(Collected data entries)
************
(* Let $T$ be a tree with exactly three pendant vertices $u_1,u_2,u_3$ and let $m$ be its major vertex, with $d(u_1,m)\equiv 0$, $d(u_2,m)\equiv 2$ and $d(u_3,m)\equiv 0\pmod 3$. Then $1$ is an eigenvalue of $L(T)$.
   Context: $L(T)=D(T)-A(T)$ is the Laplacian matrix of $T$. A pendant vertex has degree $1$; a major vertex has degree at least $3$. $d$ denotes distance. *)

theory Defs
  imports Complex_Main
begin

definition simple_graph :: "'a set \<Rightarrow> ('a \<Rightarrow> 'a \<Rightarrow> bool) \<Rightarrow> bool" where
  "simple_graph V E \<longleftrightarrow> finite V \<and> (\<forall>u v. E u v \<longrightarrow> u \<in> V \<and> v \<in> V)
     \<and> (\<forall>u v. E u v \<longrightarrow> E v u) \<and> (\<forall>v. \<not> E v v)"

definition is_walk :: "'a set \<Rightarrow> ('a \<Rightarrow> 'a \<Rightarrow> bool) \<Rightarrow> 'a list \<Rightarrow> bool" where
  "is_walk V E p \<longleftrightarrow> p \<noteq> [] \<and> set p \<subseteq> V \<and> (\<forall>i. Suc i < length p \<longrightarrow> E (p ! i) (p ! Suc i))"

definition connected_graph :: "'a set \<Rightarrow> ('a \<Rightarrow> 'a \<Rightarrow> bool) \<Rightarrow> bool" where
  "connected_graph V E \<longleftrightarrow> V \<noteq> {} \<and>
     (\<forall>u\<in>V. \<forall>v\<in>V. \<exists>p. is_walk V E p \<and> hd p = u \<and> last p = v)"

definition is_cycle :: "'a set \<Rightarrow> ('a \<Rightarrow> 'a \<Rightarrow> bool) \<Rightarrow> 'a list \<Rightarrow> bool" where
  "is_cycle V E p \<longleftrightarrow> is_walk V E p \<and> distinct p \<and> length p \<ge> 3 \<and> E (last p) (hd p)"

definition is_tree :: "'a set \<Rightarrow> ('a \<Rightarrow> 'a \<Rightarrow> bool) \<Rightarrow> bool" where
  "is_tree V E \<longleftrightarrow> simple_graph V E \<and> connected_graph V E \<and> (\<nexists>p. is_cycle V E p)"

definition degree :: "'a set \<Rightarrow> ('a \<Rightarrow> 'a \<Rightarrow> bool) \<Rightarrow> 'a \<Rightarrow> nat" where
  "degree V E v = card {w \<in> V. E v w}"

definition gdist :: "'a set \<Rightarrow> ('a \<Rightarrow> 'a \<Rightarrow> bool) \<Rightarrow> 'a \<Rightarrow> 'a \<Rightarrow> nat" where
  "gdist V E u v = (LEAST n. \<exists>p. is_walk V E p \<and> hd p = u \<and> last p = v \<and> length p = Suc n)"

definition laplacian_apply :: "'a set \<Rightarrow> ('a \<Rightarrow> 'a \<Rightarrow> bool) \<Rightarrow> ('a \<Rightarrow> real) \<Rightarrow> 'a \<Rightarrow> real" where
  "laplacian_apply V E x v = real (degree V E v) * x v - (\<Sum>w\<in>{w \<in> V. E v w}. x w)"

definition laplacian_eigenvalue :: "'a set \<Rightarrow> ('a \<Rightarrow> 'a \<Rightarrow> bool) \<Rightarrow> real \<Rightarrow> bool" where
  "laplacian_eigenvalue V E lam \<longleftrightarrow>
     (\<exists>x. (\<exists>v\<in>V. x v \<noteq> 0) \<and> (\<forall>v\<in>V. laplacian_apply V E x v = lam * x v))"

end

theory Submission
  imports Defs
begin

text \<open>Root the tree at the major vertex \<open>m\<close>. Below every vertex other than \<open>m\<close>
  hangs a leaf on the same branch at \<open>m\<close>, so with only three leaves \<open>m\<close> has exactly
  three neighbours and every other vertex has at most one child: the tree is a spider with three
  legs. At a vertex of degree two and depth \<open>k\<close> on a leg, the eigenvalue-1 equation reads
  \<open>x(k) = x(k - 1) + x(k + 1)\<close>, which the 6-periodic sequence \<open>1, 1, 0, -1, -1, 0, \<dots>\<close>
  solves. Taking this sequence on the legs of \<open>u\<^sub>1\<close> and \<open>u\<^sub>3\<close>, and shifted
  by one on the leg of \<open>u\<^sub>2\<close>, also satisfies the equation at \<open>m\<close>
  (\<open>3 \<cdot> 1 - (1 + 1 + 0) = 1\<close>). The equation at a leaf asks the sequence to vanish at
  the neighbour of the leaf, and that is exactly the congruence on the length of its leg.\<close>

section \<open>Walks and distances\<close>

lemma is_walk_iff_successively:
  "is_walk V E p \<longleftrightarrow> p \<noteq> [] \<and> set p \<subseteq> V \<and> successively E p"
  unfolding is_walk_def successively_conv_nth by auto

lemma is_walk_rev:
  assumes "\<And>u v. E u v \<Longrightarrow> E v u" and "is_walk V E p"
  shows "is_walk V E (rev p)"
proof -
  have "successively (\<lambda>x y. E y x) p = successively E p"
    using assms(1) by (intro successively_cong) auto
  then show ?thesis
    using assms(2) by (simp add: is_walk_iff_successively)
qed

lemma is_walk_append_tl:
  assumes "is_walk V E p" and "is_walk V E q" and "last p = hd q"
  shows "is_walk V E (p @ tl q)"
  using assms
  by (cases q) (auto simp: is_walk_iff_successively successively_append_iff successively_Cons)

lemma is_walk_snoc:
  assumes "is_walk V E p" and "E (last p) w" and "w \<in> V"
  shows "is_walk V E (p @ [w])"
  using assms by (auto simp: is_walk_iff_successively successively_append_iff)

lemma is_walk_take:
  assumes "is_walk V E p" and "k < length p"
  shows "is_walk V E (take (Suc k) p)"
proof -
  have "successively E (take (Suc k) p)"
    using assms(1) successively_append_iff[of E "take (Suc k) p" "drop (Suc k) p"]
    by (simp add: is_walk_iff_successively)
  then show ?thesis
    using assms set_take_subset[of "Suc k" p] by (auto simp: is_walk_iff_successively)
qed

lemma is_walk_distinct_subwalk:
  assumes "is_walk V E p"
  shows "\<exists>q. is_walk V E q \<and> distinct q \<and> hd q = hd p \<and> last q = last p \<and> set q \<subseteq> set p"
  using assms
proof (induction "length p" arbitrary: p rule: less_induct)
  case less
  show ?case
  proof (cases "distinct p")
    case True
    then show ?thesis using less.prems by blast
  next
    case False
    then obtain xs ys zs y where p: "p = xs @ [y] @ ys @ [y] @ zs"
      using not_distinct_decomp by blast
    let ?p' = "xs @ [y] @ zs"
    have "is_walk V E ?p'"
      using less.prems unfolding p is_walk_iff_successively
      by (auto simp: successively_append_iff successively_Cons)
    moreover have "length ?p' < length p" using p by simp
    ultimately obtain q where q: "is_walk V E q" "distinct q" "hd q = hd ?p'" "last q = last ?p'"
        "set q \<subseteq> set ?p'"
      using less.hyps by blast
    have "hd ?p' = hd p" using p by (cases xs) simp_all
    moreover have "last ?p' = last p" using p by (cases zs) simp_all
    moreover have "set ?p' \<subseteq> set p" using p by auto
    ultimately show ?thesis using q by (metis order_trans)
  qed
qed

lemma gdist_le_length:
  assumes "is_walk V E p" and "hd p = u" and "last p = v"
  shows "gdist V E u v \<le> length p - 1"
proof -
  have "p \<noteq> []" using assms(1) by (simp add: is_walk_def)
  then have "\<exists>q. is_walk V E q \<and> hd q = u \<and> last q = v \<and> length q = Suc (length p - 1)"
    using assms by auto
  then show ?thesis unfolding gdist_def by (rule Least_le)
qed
************
→ **WHAT YOU HAVE TO DO**
Produce a verbatim transcription of the entries above.

→ **REPLY**
(* Let $T$ be a tree with exactly three pendant vertices $u_1,u_2,u_3$ and let $m$ be its major vertex, with $d(u_1,m)\equiv 0$, $d(u_2,m)\equiv 2$ and $d(u_3,m)\equiv 0\pmod 3$. Then $1$ is an eigenvalue of $L(T)$.
   Context: $L(T)=D(T)-A(T)$ is the Laplacian matrix of $T$. A pendant vertex has degree $1$; a major vertex has degree at least $3$. $d$ denotes distance. *)

theory Defs
  imports Complex_Main
begin

definition simple_graph :: "'a set \<Rightarrow> ('a \<Rightarrow> 'a \<Rightarrow> bool) \<Rightarrow> bool" where
  "simple_graph V E \<longleftrightarrow> finite V \<and> (\<forall>u v. E u v \<longrightarrow> u \<in> V \<and> v \<in> V)
     \<and> (\<forall>u v. E u v \<longrightarrow> E v u) \<and> (\<forall>v. \<not> E v v)"

definition is_walk :: "'a set \<Rightarrow> ('a \<Rightarrow> 'a \<Rightarrow> bool) \<Rightarrow> 'a list \<Rightarrow> bool" where
  "is_walk V E p \<longleftrightarrow> p \<noteq> [] \<and> set p \<subseteq> V \<and> (\<forall>i. Suc i < length p \<longrightarrow> E (p ! i) (p ! Suc i))"

definition connected_graph :: "'a set \<Rightarrow> ('a \<Rightarrow> 'a \<Rightarrow> bool) \<Rightarrow> bool" where
  "connected_graph V E \<longleftrightarrow> V \<noteq> {} \<and>
     (\<forall>u\<in>V. \<forall>v\<in>V. \<exists>p. is_walk V E p \<and> hd p = u \<and> last p = v)"

definition is_cycle :: "'a set \<Rightarrow> ('a \<Rightarrow> 'a \<Rightarrow> bool) \<Rightarrow> 'a list \<Rightarrow> bool" where
  "is_cycle V E p \<longleftrightarrow> is_walk V E p \<and> distinct p \<and> length p \<ge> 3 \<and> E (last p) (hd p)"

definition is_tree :: "'a set \<Rightarrow> ('a \<Rightarrow> 'a \<Rightarrow> bool) \<Rightarrow> bool" where
  "is_tree V E \<longleftrightarrow> simple_graph V E \<and> connected_graph V E \<and> (\<nexists>p. is_cycle V E p)"

definition degree :: "'a set \<Rightarrow> ('a \<Rightarrow> 'a \<Rightarrow> bool) \<Rightarrow> 'a \<Rightarrow> nat" where
  "degree V E v = card {w \<in> V. E v w}"

definition gdist :: "'a set \<Rightarrow> ('a \<Rightarrow> 'a \<Rightarrow> bool) \<Rightarrow> 'a \<Rightarrow> 'a \<Rightarrow> nat" where
  "gdist V E u v = (LEAST n. \<exists>p. is_walk V E p \<and> hd p = u \<and> last p = v \<and> length p = Suc n)"

definition laplacian_apply :: "'a set \<Rightarrow> ('a \<Rightarrow> 'a \<Rightarrow> bool) \<Rightarrow> ('a \<Rightarrow> real) \<Rightarrow> 'a \<Rightarrow> real" where
  "laplacian_apply V E x v = real (degree V E v) * x v - (\<Sum>w\<in>{w \<in> V. E v w}. x w)"

definition laplacian_eigenvalue :: "'a set \<Rightarrow> ('a \<Rightarrow> 'a \<Rightarrow> bool) \<Rightarrow> real \<Rightarrow> bool" where
  "laplacian_eigenvalue V E lam \<longleftrightarrow>
     (\<exists>x. (\<exists>v\<in>V. x v \<noteq> 0) \<and> (\<forall>v\<in>V. laplacian_apply V E x v = lam * x v))"

end

theory Submission
  imports Defs
begin

text \<open>Root the tree at the major vertex \<open>m\<close>. Below every vertex other than \<open>m\<close>
  hangs a leaf on the same branch at \<open>m\<close>, so with only three leaves \<open>m\<close> has exactly
  three neighbours and every other vertex has at most one child: the tree is a spider with three
  legs. At a vertex of degree two and depth \<open>k\<close> on a leg, the eigenvalue-1 equation reads
  \<open>x(k) = x(k - 1) + x(k + 1)\<close>, which the 6-periodic sequence \<open>1, 1, 0, -1, -1, 0, \<dots>\<close>
  solves. Taking this sequence on the legs of \<open>u\<^sub>1\<close> and \<open>u\<^sub>3\<close>, and shifted
  by one on the leg of \<open>u\<^sub>2\<close>, also satisfies the equation at \<open>m\<close>
  (\<open>3 \<cdot> 1 - (1 + 1 + 0) = 1\<close>). The equation at a leaf asks the sequence to vanish at
  the neighbour of the leaf, and that is exactly the congruence on the length of its leg.\<close>

section \<open>Walks and distances\<close>

lemma is_walk_iff_successively:
  "is_walk V E p \<longleftrightarrow> p \<noteq> [] \<and> set p \<subseteq> V \<and> successively E p"
  unfolding is_walk_def successively_conv_nth by auto

lemma is_walk_rev:
  assumes "\<And>u v. E u v \<Longrightarrow> E v u" and "is_walk V E p"
  shows "is_walk V E (rev p)"
proof -
  have "successively (\<lambda>x y. E y x) p = successively E p"
    using assms(1) by (intro successively_cong) auto
  then show ?thesis
    using assms(2) by (simp add: is_walk_iff_successively)
qed

lemma is_walk_append_tl:
  assumes "is_walk V E p" and "is_walk V E q" and "last p = hd q"
  shows "is_walk V E (p @ tl q)"
  using assms
  by (cases q) (auto simp: is_walk_iff_successively successively_append_iff successively_Cons)

lemma is_walk_snoc:
  assumes "is_walk V E p" and "E (last p) w" and "w \<in> V"
  shows "is_walk V E (p @ [w])"
  using assms by (auto simp: is_walk_iff_successively successively_append_iff)

lemma is_walk_take:
  assumes "is_walk V E p" and "k < length p"
  shows "is_walk V E (take (Suc k) p)"
proof -
  have "successively E (take (Suc k) p)"
    using assms(1) successively_append_iff[of E "take (Suc k) p" "drop (Suc k) p"]
    by (simp add: is_walk_iff_successively)
  then show ?thesis
    using assms set_take_subset[of "Suc k" p] by (auto simp: is_walk_iff_successively)
qed

lemma is_walk_distinct_subwalk:
  assumes "is_walk V E p"
  shows "\<exists>q. is_walk V E q \<and> distinct q \<and> hd q = hd p \<and> last q = last p \<and> set q \<subseteq> set p"
  using assms
proof (induction "length p" arbitrary: p rule: less_induct)
  case less
  show ?case
  proof (cases "distinct p")
    case True
    then show ?thesis using less.prems by blast
  next
    case False
    then obtain xs ys zs y where p: "p = xs @ [y] @ ys @ [y] @ zs"
      using not_distinct_decomp by blast
    let ?p' = "xs @ [y] @ zs"
    have "is_walk V E ?p'"
      using less.prems unfolding p is_walk_iff_successively
      by (auto simp: successively_append_iff successively_Cons)
    moreover have "length ?p' < length p" using p by simp
    ultimately obtain q where q: "is_walk V E q" "distinct q" "hd q = hd ?p'" "last q = last ?p'"
        "set q \<subseteq> set ?p'"
      using less.hyps by blast
    have "hd ?p' = hd p" using p by (cases xs) simp_all
    moreover have "last ?p' = last p" using p by (cases zs) simp_all
    moreover have "set ?p' \<subseteq> set p" using p by auto
    ultimately show ?thesis using q by (metis order_trans)
  qed
qed

lemma gdist_le_length:
  assumes "is_walk V E p" and "hd p = u" and "last p = v"
  shows "gdist V E u v \<le> length p - 1"
proof -
  have "p \<noteq> []" using assms(1) by (simp add: is_walk_def)
  then have "\<exists>q. is_walk V E q \<and> hd q = u \<and> last q = v \<and> length q = Suc (length p - 1)"
    using assms by auto
  then show ?thesis unfolding gdist_def by (rule Least_le)
qed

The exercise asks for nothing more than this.